lemma shallow_net_architecture:
  assumes "ns \<noteq> []"
  shows "valid_ann (shallow_net ns c) \<and> in_dim (shallow_net ns c) = 1 \<and>
    out_dim (shallow_net ns c) = 1 \<and> hidden (shallow_net ns c) = 1 \<and>
    D1 (shallow_net ns c) = length ns \<and> params (shallow_net ns c) = 3 * length ns + 1"
proof -
  have in_dim: "in_dim (shallow_net ns c) = 1"
    using assms by (cases ns) (auto simp: in_dim_def shallow_net_def split: prod.splits)
  then have "dims (shallow_net ns c) = [1, length ns, 1]"
    by (simp add: dims_def shallow_net_def)
  with assms in_dim show ?thesis
    by (auto simp: valid_ann_def out_dim_def hidden_def D1_def params_def shallow_net_def
        less_Suc_eq numeral_2_eq_2 Suc_le_eq split: prod.splits)
qed

lemma realize1_shallow_net:
  "realize1 a (shallow_net ns c) x = c + (\<Sum>(w, b, v)\<leftarrow>ns. v * a (w * x + b))"
  by (simp add: realize1_def shallow_net_def affine_def matvec_def zip_map_map zip_same_conv_map
      o_def split_def)

definition softplus :: "real \<Rightarrow> real" where
  "softplus z = ln (1 + exp z)"

lemma one_plus_exp_pos: "0 < 1 + exp (z::real)"
  by (simp add: add_pos_pos)

lemma softplus_ge_relu: "max z 0 \<le> softplus z"
proof -
  have "exp z \<le> 1 + exp z"
    by simp
  then have "z \<le> softplus z"
    by (simp add: softplus_def ln_ge_iff one_plus_exp_pos)
  moreover have "0 \<le> softplus z"
    by (simp add: softplus_def)
  ultimately show ?thesis
    by simp
qed

lemma softplus_le_relu_plus_one: "softplus z \<le> max z 0 + 1"
proof -
  have e: "2 \<le> exp (1::real)"
    using exp_ge_add_one_self[of 1] by simp
  have "1 + exp z \<le> exp (max z 0 + 1)"
  proof (cases "0 \<le> z")
    case True
    then have "1 + exp z \<le> exp z * 2"
      by simp
    also have "\<dots> \<le> exp z * exp 1"
      using e by simp
    finally show ?thesis
      using True by (simp add: exp_add)
  next
    case False
    then have "exp z \<le> 1" and "exp (max z 0 + 1) = exp 1"
      by simp_all
    with e show ?thesis
      by linarith
  qed
  then have "ln (1 + exp z) \<le> ln (exp (max z 0 + 1))"
    using one_plus_exp_pos[of z] by (subst ln_le_cancel_iff) auto
  then show ?thesis
    by (simp add: softplus_def)
qed

lemma softplus_increment:
  "softplus (u + d) - softplus u = ln ((1 + exp u * exp d) / (1 + exp u))"
  using one_plus_exp_pos[of "u + d"] one_plus_exp_pos[of u]
  by (simp add: softplus_def exp_add ln_div)

lemma softplus_increment_nonneg:
  assumes "0 \<le> d"
  shows "0 \<le> softplus (u + d) - softplus u"
  using assms one_plus_exp_pos[of u] by (simp add: softplus_increment)

lemma softplus_increment_le:
  assumes "0 \<le> d"
  shows "softplus (u + d) - softplus u \<le> d"
proof -
  have "1 + exp u * exp d \<le> exp d * (1 + exp u)"
    using assms by (simp add: algebra_simps)
  then have "(1 + exp u * exp d) / (1 + exp u) \<le> exp d"
    using one_plus_exp_pos[of u] by (simp add: divide_simps)
  then have "ln ((1 + exp u * exp d) / (1 + exp u)) \<le> ln (exp d)"
    using one_plus_exp_pos[of u] by (subst ln_le_cancel_iff) (auto simp: add_pos_pos)
  then show ?thesis
    by (simp add: softplus_increment)
qed

lemma softplus_increment_mono:
  assumes "0 \<le> d" and "u \<le> v"
  shows "softplus (u + d) - softplus u \<le> softplus (v + d) - softplus v"
proof -
  have "0 \<le> (exp v - exp u) * (exp d - 1)"
    using assms by simp
  then have "(1 + exp u * exp d) * (1 + exp v) \<le> (1 + exp v * exp d) * (1 + exp u)"
    by (simp add: algebra_simps)
  then have "(1 + exp u * exp d) / (1 + exp u) \<le> (1 + exp v * exp d) / (1 + exp v)"
    using one_plus_exp_pos[of u] one_plus_exp_pos[of v] by (simp add: divide_simps)
  then have "ln ((1 + exp u * exp d) / (1 + exp u)) \<le> ln ((1 + exp v * exp d) / (1 + exp v))"
    using one_plus_exp_pos[of u] one_plus_exp_pos[of v]
    by (subst ln_le_cancel_iff) (auto simp: add_pos_pos)
  then show ?thesis
    by (simp add: softplus_increment)
qed

definition scaled_softplus :: "real \<Rightarrow> real \<Rightarrow> real" where
  "scaled_softplus k t = softplus (k * t) / k"

lemma relu_le_scaled_softplus:
  assumes "0 < k"
  shows "max t 0 \<le> scaled_softplus k t"
proof -
  have "max (k * t) 0 = k * max t 0"
    using assms by (auto simp: max_def mult_le_0_iff)
  with softplus_ge_relu[of "k * t"] assms show ?thesis
    by (simp add: scaled_softplus_def le_divide_eq mult.commute)
qed

lemma scaled_softplus_le_relu:
  assumes "0 < k"
  shows "scaled_softplus k t \<le> max t 0 + 1 / k"
proof -
  have "max (k * t) 0 = k * max t 0"
    using assms by (auto simp: max_def mult_le_0_iff)
  with softplus_le_relu_plus_one[of "k * t"] assms show ?thesis
    by (simp add: scaled_softplus_def divide_le_eq algebra_simps)
qed

lemma scaled_softplus_increment:
  "scaled_softplus k (u + d) - scaled_softplus k u = (softplus (k * u + k * d) - softplus (k * u)) / k"
  by (simp add: scaled_softplus_def diff_divide_distrib algebra_simps)

lemma scaled_softplus_increment_nonneg:
  "0 < k \<Longrightarrow> 0 \<le> d \<Longrightarrow> 0 \<le> scaled_softplus k (u + d) - scaled_softplus k u"
  using softplus_increment_nonneg[of "k * d" "k * u"] by (simp add: scaled_softplus_increment)

lemma scaled_softplus_increment_le:
  "0 < k \<Longrightarrow> 0 \<le> d \<Longrightarrow> scaled_softplus k (u + d) - scaled_softplus k u \<le> d"
  using softplus_increment_le[of "k * d" "k * u"]
  by (simp add: scaled_softplus_increment divide_le_eq mult.commute)

lemma scaled_softplus_increment_mono:
  "0 < k \<Longrightarrow> 0 \<le> d \<Longrightarrow> u \<le> v \<Longrightarrow>
    scaled_softplus k (u + d) - scaled_softplus k u \<le> scaled_softplus k (v + d) - scaled_softplus k v"
  using softplus_increment_mono[of "k * d" "k * u" "k * v"]
  by (simp add: scaled_softplus_increment divide_right_mono)

lemma lipschitz_linear_interpolation_error:
  fixes h t fa fb fx L :: real
  assumes "0 < h" "0 \<le> t" "t \<le> h" "0 \<le> L"
    and "\<bar>fa - fx\<bar> \<le> L * t" "\<bar>fb - fx\<bar> \<le> L * (h - t)"
  shows "\<bar>fa + (fb - fa) / h * t - fx\<bar> \<le> L * h / 2"
proof -
  define l where "l = t / h"
  have l: "0 \<le> l" "l \<le> 1"
    using assms by (auto simp: l_def divide_simps)
  have "fa + (fb - fa) / h * t - fx = (1 - l) * (fa - fx) + l * (fb - fx)"
    using assms(1) by (simp add: l_def field_simps)
  also have "\<bar>\<dots>\<bar> \<le> (1 - l) * \<bar>fa - fx\<bar> + l * \<bar>fb - fx\<bar>"
    using l by (metis abs_mult abs_of_nonneg abs_triangle_ineq diff_ge_0_iff_ge)
  also have "\<dots> \<le> (1 - l) * (L * t) + l * (L * (h - t))"
    using l assms by (intro add_mono mult_left_mono) auto
  also have "\<dots> = L * (2 * t * (h - t) / h)"
    using assms(1) by (simp add: l_def field_simps)
  also have "\<dots> \<le> L * (h / 2)"
  proof -
    have "0 \<le> (h - 2 * t) * (h - 2 * t)"
      by simp
    then have "2 * t * (h - t) / h \<le> h / 2"
      using assms(1) by (simp add: divide_simps algebra_simps)
    then show ?thesis
      using assms(4) by (rule mult_left_mono)
  qed
  finally show ?thesis
    by simp
qed

text \<open>The piecewise linear interpolant of \<open>f\<close> on the uniform grid of \<open>n\<close> cells over
  \<open>[-R, R]\<close> is \<open>ramp_sum (\<lambda>t. max t 0)\<close>; the network realizes \<open>ramp_sum\<close> with a
  rescaled softplus in place of the ReLU.\<close>
locale lipschitz_grid =
  fixes f :: "real \<Rightarrow> real" and L R :: real and n :: nat
  assumes lipschitz: "\<And>x y. \<bar>f x - f y\<bar> \<le> L * \<bar>x - y\<bar>"
    and L_nonneg: "0 \<le> L" and R_pos: "0 < R" and n_pos: "0 < n"
begin

definition mesh :: real where
  "mesh = 2 * R / n"

definition node :: "nat \<Rightarrow> real" where
  "node j = - R + real j * mesh"

definition slope :: "nat \<Rightarrow> real" where
  "slope j = (f (node (Suc j)) - f (node j)) / mesh"

definition ramp_sum :: "(real \<Rightarrow> real) \<Rightarrow> real \<Rightarrow> real" where
  "ramp_sum \<sigma> x = f (- R) + (\<Sum>j<n. slope j * (\<sigma> (x - node j) - \<sigma> (x - node (Suc j))))"

lemma mesh_pos: "0 < mesh"
  using R_pos n_pos by (simp add: mesh_def)

lemma node_0 [simp]: "node 0 = - R"
  by (simp add: node_def)

lemma node_n [simp]: "node n = R"
  using n_pos by (simp add: node_def mesh_def)

lemma node_Suc: "node (Suc j) = node j + mesh"
  by (simp add: node_def algebra_simps)

lemma node_mono: "i \<le> j \<Longrightarrow> node i \<le> node j"
  using mesh_pos by (simp add: node_def mult_right_mono)

lemma abs_slope_le: "\<bar>slope j\<bar> \<le> L"
proof -
  have "\<bar>f (node (Suc j)) - f (node j)\<bar> \<le> L * mesh"
    using lipschitz[of "node (Suc j)" "node j"] mesh_pos by (simp add: node_Suc)
  then show ?thesis
    using mesh_pos by (simp add: slope_def divide_simps)
qed

lemma sum_slope_mesh: "(\<Sum>j<m. slope j * mesh) = f (node m) - f (- R)"
  using mesh_pos sum_lessThan_telescope[of "\<lambda>j. f (node j)" m] by (simp add: slope_def)

text \<open>Summation by parts: with \<open>d j = \<sigma> (x - node j) - \<sigma> (y - node j)\<close>, which decreases
  in \<open>j\<close> from at most \<open>x - y\<close> to at least \<open>0\<close>, the difference \<open>ramp_sum \<sigma> x - ramp_sum \<sigma> y\<close>
  is \<open>\<Sum>j<n. slope j * (d j - d (Suc j))\<close>.\<close>
lemma ramp_sum_lipschitz:
  assumes mono: "\<And>u d. 0 \<le> d \<Longrightarrow> 0 \<le> \<sigma> (u + d) - \<sigma> u"
    and increment_le: "\<And>u d. 0 \<le> d \<Longrightarrow> \<sigma> (u + d) - \<sigma> u \<le> d"
    and increment_mono: "\<And>u v d. 0 \<le> d \<Longrightarrow> u \<le> v \<Longrightarrow> \<sigma> (u + d) - \<sigma> u \<le> \<sigma> (v + d) - \<sigma> v"
  shows "\<bar>ramp_sum \<sigma> x - ramp_sum \<sigma> y\<bar> \<le> L * \<bar>x - y\<bar>"
proof -
  have one_sided: "\<bar>ramp_sum \<sigma> x - ramp_sum \<sigma> y\<bar> \<le> L * (x - y)" if "y \<le> x" for x y
  proof -
    define d where "d j = \<sigma> (x - node j) - \<sigma> (y - node j)" for j
    have shift: "x - node j = (y - node j) + (x - y)" for j
      by simp
    have d_bounds: "0 \<le> d j" "d j \<le> x - y" for j
      using mono[of "x - y" "y - node j"] increment_le[of "x - y" "y - node j"] that
      by (simp_all add: d_def)
    have d_decreasing: "d (Suc j) \<le> d j" for j
    proof -
      have "\<sigma> ((y - node (Suc j)) + (x - y)) - \<sigma> (y - node (Suc j))
          \<le> \<sigma> ((y - node j) + (x - y)) - \<sigma> (y - node j)"
        by (rule increment_mono) (use that mesh_pos in \<open>auto simp: node_Suc\<close>)
      then show ?thesis
        unfolding d_def shift[symmetric] .
    qed
    have "ramp_sum \<sigma> x - ramp_sum \<sigma> y = (\<Sum>j<n. slope j * (d j - d (Suc j)))"
      by (simp add: ramp_sum_def d_def sum_subtractf[symmetric] algebra_simps)
    also have "\<bar>\<dots>\<bar> \<le> (\<Sum>j<n. \<bar>slope j\<bar> * (d j - d (Suc j)))"
      by (rule order_trans[OF sum_abs]) (simp add: abs_mult d_decreasing)
    also have "\<dots> \<le> (\<Sum>j<n. L * (d j - d (Suc j)))"
      using abs_slope_le d_decreasing by (intro sum_mono mult_right_mono) auto
    also have "\<dots> = L * (d 0 - d n)"
      by (simp add: sum_distrib_left[symmetric] sum_lessThan_telescope')
    also have "\<dots> \<le> L * (x - y)"
      using d_bounds[of 0] d_bounds[of n] L_nonneg by (simp add: mult_left_mono)
    finally show ?thesis .
  qed
  show ?thesis
    using one_sided[of y x] one_sided[of x y] by (cases "y \<le> x") (auto simp: abs_minus_commute)
qed

lemma ramp_sum_approx:
  assumes "\<And>t. \<tau> t \<le> \<sigma> t" and "\<And>t. \<sigma> t \<le> \<tau> t + \<delta>"
  shows "\<bar>ramp_sum \<sigma> x - ramp_sum \<tau> x\<bar> \<le> n * L * \<delta>"
proof -
  define e where "e t = \<sigma> t - \<tau> t" for t
  have e_diff: "\<bar>e (x - node j) - e (x - node (Suc j))\<bar> \<le> \<delta>" for j
    using assms[of "x - node j"] assms[of "x - node (Suc j)"] by (simp add: e_def abs_le_iff)
  have "ramp_sum \<sigma> x - ramp_sum \<tau> x = (\<Sum>j<n. slope j * (e (x - node j) - e (x - node (Suc j))))"
    by (simp add: ramp_sum_def e_def sum_subtractf[symmetric] algebra_simps)
  also have "\<bar>\<dots>\<bar> \<le> (\<Sum>j<n. \<bar>slope j\<bar> * \<bar>e (x - node j) - e (x - node (Suc j))\<bar>)"
    by (rule order_trans[OF sum_abs]) (simp add: abs_mult)
  also have "\<dots> \<le> (\<Sum>j<n. L * \<delta>)"
    using abs_slope_le e_diff L_nonneg by (intro sum_mono mult_mono) auto
  finally show ?thesis
    by simp
qed

lemma ramp_sum_relu_left:
  assumes "x \<le> - R"
  shows "ramp_sum (\<lambda>t. max t 0) x = f (- R)"
proof -
  have "max (x - node j) 0 = 0" for j
    using node_mono[of 0 j] assms by simp
  then show ?thesis
    by (simp add: ramp_sum_def)
qed

lemma ramp_sum_relu_right:
  assumes "R \<le> x"
  shows "ramp_sum (\<lambda>t. max t 0) x = f R"
proof -
  have "max (x - node j) 0 - max (x - node (Suc j)) 0 = mesh" if "j < n" for j
    using node_mono[of "Suc j" n] assms that mesh_pos by (simp add: node_Suc)
  then show ?thesis
    using sum_slope_mesh[of n] by (simp add: ramp_sum_def)
qed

_AIM OF THE EXERCISE:_ Copy out the entries exactly. Begin at the first line and end with the line that has "by (simp add: softplus_def ln_ge_iff".

_TASK SOLUTION:_
lemma shallow_net_architecture:
  assumes "ns \<noteq> []"
  shows "valid_ann (shallow_net ns c) \<and> in_dim (shallow_net ns c) = 1 \<and>
    out_dim (shallow_net ns c) = 1 \<and> hidden (shallow_net ns c) = 1 \<and>
    D1 (shallow_net ns c) = length ns \<and> params (shallow_net ns c) = 3 * length ns + 1"
proof -
  have in_dim: "in_dim (shallow_net ns c) = 1"
    using assms by (cases ns) (auto simp: in_dim_def shallow_net_def split: prod.splits)
  then have "dims (shallow_net ns c) = [1, length ns, 1]"
    by (simp add: dims_def shallow_net_def)
  with assms in_dim show ?thesis
    by (auto simp: valid_ann_def out_dim_def hidden_def D1_def params_def shallow_net_def
        less_Suc_eq numeral_2_eq_2 Suc_le_eq split: prod.splits)
qed

lemma realize1_shallow_net:
  "realize1 a (shallow_net ns c) x = c + (\<Sum>(w, b, v)\<leftarrow>ns. v * a (w * x + b))"
  by (simp add: realize1_def shallow_net_def affine_def matvec_def zip_map_map zip_same_conv_map
      o_def split_def)

definition softplus :: "real \<Rightarrow> real" where
  "softplus z = ln (1 + exp z)"

lemma one_plus_exp_pos: "0 < 1 + exp (z::real)"
  by (simp add: add_pos_pos)

lemma softplus_ge_relu: "max z 0 \<le> softplus z"
proof -
  have "exp z \<le> 1 + exp z"
    by simp
  then have "z \<le> softplus z"
    by (simp add: softplus_def ln_ge_iff one_plus_exp_pos)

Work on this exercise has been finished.